Activity = Go to the line in the entries below that holds "obtain C F where" and repeat exactly from there through the line that holds "using dX_funpow_perturb_from_gt[OF assms]", inclusive.

Records supplied =
****************

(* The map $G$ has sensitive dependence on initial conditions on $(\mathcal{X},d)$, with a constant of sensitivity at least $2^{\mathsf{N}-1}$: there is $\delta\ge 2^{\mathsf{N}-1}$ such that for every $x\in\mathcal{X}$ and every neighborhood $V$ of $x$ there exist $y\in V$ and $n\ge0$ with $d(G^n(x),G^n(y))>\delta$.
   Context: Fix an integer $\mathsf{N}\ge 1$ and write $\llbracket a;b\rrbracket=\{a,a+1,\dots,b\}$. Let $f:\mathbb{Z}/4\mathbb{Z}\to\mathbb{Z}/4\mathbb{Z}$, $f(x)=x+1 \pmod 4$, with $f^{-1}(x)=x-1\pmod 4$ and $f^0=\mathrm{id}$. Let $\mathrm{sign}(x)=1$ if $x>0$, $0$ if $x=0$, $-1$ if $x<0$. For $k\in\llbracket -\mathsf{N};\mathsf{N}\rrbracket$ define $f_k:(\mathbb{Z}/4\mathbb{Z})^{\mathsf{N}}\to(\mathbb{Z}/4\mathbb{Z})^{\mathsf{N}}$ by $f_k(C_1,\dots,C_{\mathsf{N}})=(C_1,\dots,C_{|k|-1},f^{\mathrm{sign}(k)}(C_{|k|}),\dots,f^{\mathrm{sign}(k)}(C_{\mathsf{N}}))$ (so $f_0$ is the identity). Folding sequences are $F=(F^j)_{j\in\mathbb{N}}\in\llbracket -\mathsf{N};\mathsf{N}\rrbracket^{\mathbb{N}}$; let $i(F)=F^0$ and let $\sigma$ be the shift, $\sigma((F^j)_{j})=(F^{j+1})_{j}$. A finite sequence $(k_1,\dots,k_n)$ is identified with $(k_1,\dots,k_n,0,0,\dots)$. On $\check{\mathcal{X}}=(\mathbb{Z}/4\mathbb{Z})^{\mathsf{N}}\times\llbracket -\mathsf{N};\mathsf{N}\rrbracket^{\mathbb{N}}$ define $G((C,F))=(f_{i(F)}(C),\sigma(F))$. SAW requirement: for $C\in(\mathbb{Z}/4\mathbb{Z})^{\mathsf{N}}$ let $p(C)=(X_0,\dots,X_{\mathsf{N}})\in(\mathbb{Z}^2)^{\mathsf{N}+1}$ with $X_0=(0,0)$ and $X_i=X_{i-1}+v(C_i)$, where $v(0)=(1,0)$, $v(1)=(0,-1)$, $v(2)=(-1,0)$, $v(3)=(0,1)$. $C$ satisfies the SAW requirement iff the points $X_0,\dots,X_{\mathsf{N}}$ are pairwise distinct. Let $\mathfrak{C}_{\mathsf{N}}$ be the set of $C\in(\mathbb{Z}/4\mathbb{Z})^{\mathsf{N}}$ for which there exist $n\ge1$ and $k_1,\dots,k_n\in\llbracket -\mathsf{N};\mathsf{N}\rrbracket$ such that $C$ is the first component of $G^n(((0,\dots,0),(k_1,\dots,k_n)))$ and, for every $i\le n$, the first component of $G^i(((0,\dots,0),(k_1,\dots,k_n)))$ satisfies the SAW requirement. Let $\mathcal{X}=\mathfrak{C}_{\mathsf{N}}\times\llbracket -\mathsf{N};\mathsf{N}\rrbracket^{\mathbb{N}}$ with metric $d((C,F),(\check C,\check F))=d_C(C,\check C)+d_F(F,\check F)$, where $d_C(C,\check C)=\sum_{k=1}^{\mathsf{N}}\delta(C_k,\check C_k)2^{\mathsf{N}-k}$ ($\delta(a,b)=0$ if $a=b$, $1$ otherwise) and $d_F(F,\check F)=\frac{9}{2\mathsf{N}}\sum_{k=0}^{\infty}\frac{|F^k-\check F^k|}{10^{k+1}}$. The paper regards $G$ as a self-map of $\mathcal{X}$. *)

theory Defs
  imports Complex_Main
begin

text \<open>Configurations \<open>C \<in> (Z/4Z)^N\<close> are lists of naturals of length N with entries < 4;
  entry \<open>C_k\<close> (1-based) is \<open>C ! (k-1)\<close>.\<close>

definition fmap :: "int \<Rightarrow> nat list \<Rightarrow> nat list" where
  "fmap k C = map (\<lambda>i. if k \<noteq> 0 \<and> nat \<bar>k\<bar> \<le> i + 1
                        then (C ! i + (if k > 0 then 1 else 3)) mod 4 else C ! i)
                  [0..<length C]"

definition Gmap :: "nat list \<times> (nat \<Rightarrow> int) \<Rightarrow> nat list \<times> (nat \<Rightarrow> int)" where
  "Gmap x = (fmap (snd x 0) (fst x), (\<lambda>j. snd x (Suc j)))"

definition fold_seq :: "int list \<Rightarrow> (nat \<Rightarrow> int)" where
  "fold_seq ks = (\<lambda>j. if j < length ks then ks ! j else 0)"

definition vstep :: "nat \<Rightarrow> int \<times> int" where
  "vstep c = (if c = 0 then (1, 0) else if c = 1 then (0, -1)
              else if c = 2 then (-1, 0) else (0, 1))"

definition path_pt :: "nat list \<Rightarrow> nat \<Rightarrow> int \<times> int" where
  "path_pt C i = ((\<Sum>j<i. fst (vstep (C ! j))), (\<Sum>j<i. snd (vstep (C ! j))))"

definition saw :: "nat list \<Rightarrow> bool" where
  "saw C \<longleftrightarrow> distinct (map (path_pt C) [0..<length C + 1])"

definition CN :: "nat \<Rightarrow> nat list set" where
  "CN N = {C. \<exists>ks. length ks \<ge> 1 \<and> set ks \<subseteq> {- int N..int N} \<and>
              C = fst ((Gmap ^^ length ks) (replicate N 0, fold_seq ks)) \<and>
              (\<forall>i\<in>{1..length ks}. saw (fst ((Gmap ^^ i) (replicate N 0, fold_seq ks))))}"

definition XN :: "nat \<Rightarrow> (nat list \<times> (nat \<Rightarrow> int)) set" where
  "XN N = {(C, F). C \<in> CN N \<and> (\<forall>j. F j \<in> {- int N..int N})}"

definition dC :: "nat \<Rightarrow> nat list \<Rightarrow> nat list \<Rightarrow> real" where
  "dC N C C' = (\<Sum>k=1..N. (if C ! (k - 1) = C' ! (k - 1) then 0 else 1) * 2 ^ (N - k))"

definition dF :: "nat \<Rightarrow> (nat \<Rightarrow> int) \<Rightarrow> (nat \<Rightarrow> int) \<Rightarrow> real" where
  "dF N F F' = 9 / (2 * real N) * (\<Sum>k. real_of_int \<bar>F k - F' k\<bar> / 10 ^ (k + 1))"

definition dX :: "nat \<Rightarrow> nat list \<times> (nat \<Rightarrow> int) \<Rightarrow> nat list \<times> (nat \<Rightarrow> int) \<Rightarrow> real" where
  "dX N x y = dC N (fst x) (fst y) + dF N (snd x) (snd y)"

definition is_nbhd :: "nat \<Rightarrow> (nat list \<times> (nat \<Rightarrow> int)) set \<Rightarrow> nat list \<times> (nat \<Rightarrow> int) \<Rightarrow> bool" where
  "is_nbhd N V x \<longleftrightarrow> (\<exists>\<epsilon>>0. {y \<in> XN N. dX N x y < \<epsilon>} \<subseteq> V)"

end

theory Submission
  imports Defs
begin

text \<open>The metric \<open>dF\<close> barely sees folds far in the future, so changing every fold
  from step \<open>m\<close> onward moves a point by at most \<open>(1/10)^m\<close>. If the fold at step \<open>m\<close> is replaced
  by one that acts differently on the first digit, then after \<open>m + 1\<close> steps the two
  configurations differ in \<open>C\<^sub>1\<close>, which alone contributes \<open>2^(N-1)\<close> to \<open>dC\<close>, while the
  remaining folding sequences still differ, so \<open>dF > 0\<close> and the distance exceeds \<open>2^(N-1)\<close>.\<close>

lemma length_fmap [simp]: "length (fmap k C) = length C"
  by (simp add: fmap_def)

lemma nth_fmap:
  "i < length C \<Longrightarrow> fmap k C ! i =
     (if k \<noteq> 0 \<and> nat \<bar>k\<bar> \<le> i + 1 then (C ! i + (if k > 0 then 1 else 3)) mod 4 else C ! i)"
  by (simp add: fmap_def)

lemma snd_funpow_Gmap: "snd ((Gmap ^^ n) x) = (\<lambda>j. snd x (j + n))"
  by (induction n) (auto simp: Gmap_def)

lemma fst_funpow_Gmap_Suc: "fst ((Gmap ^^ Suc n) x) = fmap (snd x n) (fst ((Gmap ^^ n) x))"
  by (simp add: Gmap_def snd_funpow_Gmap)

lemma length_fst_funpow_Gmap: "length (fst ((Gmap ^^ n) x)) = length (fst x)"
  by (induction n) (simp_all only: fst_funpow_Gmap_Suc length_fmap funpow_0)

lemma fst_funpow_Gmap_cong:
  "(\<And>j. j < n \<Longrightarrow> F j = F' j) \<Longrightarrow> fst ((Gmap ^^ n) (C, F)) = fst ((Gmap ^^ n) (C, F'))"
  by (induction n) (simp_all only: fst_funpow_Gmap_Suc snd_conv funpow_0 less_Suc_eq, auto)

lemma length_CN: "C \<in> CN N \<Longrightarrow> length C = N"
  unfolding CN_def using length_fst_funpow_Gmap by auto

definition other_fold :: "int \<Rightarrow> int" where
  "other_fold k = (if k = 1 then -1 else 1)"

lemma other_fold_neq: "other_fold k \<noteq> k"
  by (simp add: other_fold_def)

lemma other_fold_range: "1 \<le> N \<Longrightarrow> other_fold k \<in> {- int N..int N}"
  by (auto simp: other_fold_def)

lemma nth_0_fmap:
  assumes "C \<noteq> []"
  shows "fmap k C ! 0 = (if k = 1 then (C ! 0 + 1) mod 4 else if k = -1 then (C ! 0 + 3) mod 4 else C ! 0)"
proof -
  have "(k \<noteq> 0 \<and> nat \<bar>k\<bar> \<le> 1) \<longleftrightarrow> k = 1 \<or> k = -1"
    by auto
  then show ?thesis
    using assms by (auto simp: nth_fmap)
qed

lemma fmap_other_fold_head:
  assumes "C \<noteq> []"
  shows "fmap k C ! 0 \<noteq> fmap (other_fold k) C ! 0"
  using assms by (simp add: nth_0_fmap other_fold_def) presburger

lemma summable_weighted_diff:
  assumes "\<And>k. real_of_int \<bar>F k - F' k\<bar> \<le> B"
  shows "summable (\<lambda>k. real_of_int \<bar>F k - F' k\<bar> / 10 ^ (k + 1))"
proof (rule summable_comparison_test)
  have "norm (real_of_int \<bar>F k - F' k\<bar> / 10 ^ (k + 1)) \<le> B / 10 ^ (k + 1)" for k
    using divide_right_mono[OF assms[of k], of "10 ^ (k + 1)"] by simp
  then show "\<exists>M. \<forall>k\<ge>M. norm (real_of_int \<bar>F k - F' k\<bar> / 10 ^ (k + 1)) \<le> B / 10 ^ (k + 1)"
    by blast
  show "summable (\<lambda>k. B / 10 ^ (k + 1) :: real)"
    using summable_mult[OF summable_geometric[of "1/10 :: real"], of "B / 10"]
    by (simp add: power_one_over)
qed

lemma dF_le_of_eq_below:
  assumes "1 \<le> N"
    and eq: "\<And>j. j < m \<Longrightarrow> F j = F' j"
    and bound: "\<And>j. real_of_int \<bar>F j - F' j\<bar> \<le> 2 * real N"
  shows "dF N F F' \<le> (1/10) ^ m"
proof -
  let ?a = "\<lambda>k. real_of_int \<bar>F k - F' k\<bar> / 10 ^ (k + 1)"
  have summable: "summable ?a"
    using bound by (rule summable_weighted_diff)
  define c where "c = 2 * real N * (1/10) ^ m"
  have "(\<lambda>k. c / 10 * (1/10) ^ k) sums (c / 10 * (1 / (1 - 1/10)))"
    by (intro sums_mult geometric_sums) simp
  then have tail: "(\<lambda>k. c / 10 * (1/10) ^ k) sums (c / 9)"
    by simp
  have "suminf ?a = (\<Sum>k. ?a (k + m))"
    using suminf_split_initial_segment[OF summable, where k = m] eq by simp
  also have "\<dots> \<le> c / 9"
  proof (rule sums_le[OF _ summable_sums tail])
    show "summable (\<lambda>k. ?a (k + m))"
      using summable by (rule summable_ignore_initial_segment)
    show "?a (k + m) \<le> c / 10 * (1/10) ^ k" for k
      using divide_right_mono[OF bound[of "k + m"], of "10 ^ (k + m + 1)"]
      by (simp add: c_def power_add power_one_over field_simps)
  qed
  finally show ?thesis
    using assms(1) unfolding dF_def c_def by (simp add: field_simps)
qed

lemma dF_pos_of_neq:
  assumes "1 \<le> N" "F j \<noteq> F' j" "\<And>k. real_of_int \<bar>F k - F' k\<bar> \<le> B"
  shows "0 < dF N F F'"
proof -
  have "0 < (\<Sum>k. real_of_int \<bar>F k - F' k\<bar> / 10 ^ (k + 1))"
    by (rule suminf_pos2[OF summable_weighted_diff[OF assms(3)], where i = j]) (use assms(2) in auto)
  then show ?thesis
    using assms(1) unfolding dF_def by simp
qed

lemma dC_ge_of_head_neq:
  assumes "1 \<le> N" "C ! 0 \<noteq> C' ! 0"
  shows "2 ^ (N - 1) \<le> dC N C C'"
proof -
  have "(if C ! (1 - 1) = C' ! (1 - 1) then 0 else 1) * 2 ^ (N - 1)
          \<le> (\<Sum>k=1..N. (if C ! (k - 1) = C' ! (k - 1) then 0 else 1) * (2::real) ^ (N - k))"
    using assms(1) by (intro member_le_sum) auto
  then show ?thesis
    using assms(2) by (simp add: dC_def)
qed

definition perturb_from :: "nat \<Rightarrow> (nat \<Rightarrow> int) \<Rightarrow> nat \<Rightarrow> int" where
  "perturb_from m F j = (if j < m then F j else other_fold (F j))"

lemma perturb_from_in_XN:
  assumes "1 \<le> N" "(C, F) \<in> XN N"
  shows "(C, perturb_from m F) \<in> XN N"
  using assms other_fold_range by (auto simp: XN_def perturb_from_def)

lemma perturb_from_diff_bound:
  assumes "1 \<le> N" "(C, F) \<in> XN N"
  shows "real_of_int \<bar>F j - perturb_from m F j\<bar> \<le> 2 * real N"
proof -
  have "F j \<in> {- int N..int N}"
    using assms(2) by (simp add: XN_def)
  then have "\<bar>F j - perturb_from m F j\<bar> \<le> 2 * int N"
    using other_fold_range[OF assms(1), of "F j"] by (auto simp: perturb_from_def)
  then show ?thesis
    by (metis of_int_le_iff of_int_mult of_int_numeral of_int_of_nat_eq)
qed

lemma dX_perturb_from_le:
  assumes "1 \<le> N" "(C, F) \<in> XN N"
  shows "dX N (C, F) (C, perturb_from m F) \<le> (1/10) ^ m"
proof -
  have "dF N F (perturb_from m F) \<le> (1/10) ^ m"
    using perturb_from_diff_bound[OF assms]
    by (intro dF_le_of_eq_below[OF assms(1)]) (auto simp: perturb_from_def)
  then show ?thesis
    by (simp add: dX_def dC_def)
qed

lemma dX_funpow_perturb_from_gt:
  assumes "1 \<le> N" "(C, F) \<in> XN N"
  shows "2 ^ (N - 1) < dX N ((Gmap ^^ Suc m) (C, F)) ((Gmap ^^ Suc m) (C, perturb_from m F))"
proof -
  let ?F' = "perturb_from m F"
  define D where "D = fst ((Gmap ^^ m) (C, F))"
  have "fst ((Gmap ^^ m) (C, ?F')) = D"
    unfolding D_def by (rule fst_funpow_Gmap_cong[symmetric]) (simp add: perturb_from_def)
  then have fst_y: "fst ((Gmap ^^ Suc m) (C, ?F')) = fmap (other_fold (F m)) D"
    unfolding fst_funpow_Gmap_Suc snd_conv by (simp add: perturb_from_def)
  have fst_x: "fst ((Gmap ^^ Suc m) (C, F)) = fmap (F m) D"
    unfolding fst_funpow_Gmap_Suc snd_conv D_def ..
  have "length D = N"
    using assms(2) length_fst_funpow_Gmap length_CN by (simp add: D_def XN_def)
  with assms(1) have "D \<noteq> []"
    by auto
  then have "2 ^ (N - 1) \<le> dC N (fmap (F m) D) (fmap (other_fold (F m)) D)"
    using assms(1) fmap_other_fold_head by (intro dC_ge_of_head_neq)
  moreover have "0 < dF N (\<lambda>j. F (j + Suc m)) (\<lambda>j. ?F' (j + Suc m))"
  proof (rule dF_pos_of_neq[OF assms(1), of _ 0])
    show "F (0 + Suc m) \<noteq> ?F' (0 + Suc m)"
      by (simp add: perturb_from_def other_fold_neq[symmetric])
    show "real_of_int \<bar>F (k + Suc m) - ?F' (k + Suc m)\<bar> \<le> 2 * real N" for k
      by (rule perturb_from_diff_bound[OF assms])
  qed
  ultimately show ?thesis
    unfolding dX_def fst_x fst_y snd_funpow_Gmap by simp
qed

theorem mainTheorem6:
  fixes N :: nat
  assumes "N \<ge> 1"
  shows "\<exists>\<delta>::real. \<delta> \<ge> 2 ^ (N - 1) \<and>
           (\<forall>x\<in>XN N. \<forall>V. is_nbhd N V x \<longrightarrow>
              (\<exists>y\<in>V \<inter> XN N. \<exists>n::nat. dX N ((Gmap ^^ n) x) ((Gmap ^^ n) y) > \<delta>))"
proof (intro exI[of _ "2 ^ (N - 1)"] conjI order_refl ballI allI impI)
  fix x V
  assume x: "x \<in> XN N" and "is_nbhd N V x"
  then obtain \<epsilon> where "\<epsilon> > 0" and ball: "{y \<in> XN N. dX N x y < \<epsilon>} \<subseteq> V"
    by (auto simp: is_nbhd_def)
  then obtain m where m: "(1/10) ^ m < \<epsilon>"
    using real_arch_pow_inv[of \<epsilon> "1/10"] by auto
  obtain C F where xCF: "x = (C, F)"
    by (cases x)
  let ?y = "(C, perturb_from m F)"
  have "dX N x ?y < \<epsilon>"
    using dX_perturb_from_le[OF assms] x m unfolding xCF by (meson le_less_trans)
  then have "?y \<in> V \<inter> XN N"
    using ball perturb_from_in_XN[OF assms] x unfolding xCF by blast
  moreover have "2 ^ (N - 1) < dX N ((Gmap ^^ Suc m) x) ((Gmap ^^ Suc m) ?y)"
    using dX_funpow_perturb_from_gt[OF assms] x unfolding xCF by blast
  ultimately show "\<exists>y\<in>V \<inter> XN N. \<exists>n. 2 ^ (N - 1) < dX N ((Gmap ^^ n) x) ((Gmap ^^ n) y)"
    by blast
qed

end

****************

Completed task =
  obtain C F where xCF: "x = (C, F)"
    by (cases x)
  let ?y = "(C, perturb_from m F)"
  have "dX N x ?y < \<epsilon>"
    using dX_perturb_from_le[OF assms] x m unfolding xCF by (meson le_less_trans)
  then have "?y \<in> V \<inter> XN N"
    using ball perturb_from_in_XN[OF assms] x unfolding xCF by blast
  moreover have "2 ^ (N - 1) < dX N ((Gmap ^^ Suc m) x) ((Gmap ^^ Suc m) ?y)"
    using dX_funpow_perturb_from_gt[OF assms] x unfolding xCF by blast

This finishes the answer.